The real stated perks, though, include some modest real estate on GSA’s Genes to Genomes blog. But don’t let me take advantage of it to grump nostalgically – I don’t want to be the scientific society president who decries the current state of the field and pines for the good old days. You won’t hear me reminisce about how we tramped miles through the snow to get to the lab, how molecular biology kits and nematodes hadn’t been invented yet, or how we knew every component of every buffer we used.

Because right now is the best of all possible times to be a geneticist!

 

Next Generation Sequencing

 

As a graduate student, I sequenced RNA and DNA for a living, contributing to the first genome sequence of an influenza virus of some 13,000 bases. Today an undergraduate biology major – or maybe a high school student – tosses this genome onto a modern sequencer to generate that much data in about 0.000001 seconds. I don’t miss pouring those acrylamide gels, handling that 32P-labelled nucleotide, reading those endless 4-columned barcodes of As, Cs, Gs, and Ts and writing down the sequence by hand – and you shouldn’t either. That’s progress and we should delight in it.

Having the genome sequences of so many organisms and so many individual humans means that we don’t spend much time collecting DNA sequence data. Instead, we design imaginative experiments that make use of the unity of all biology apparent from the alignment of gigabases of sequence. We carry out mutant screens and rapidly identify mutations by comparison to high quality reference genome sequences. These are scenarios undreamt of a few decades ago and we should celebrate them.

We make exact changes in the genome of the cells we study – perhaps to match a gene sequence of someone with disease – and put these cells through a battery of sophisticated assays. We reconstruct elaborate pathways of differentiation and development. We build complex circuits with feedback and feedforward loops to synthesize metabolites, drugs, and other chemicals. That’s our world, and it’s a wonderful one.

During my years as a graduate student, the first stirrings of computational biology could be seen; today, some of our most talented graduate students will never hold a pipet or run a gel. Others will carry out experiments and then pause for months as they switch to analyzing the data. Where once we worked in small isolated groups, geneticists now work hand in hand with statisticians or modelers, with computational chemists or structural biologists, with synthetic biologists or genome engineers. That’s our style of science, and it’s much the better for it.

Genetics is more than just a part of the excitement in biology: it’s the central part. Our way of thinking is integral to the understanding of any disease, the design of any drug, or the dissection of any signaling pathway. You can no more provide chemotherapy to treat a cancer without considering the tumor’s evolution than you can give a transfusion without typing a patient’s blood antigens. We work in a field whose impact on biology is huge and will only continue to grow.

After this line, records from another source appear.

(* Let $(x_n)$ be a bounded sequence and $(y_n)$ a weakly Cauchy sequence in a Banach space $X$. Then for every $\varepsilon\in(0,1)$ there is a subsequence $(n_k)$ with the following properties: - both $(x_{n_k})_k$ and $(x_{n_k}+y_{n_k})_k$ are $c_J$-stable; - $(1-\varepsilon)\,\tilde c_J(x_n)\le c_J(x_{n_k})\le\tilde c_J(x_n)$; - $c_J(x_{n_k}+y_{n_k})=c_J(x_{n_k})$.
   Context: For a bounded sequence $(x_n)$ in a Banach space, define $c_m=\inf\{\|\sum_{n\ge m}\alpha_n x_n\|: \sum_{n\ge m}|\alpha_n|=1\}$ and $c_J(x_n)=\sup_m c_m$. Passing to a subsequence does not decrease $c_J$. Define $\tilde c_J(x_n)=\sup\{c_J(x_{n_k}): (x_{n_k}) \text{ a subsequence of } (x_n)\}$. A sequence is called $c_J$-stable if $c_J(x_n)=\tilde c_J(x_n)$. *)

theory Defs
  imports "HOL-Analysis.Analysis"
begin

definition c_m :: "(nat \<Rightarrow> 'a::banach) \<Rightarrow> nat \<Rightarrow> real" where
  "c_m x m = Inf {norm (\<Sum>n. \<alpha> n *\<^sub>R x n) | \<alpha>.
      (\<forall>n<m. \<alpha> n = 0) \<and> summable (\<lambda>n. \<bar>\<alpha> n\<bar>) \<and> (\<Sum>n. \<bar>\<alpha> n\<bar>) = 1}"

definition c_J :: "(nat \<Rightarrow> 'a::banach) \<Rightarrow> real" where
  "c_J x = (SUP m. c_m x m)"

definition c_J_tilde :: "(nat \<Rightarrow> 'a::banach) \<Rightarrow> real" where
  "c_J_tilde x = Sup {c_J (x \<circ> r) | r. strict_mono r}"

definition c_J_stable :: "(nat \<Rightarrow> 'a::banach) \<Rightarrow> bool" where
  "c_J_stable x \<longleftrightarrow> c_J x = c_J_tilde x"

Of course, it’s not a utopia out there. In other posts, we’ll discuss gloomy funding prospects, the challenges of finding a satisfying career in genetics, what we might do to keep early career biologists who want children in science, and the minefield of publishing in high profile journals. And this shouldn’t be just my blog: please send me (my last name at uw.edu; subject line: Count) your comments and ideas on what you think the GSA should be doing in these or other arenas. Even better: let me know what you can do to help us out.

But as we start this new year and new GSA presidency, let’s rejoice in what our field has accomplished and the prospects for continuing stunning discoveries. In this most wonderful time to be a geneticist, let us count our lucky stars.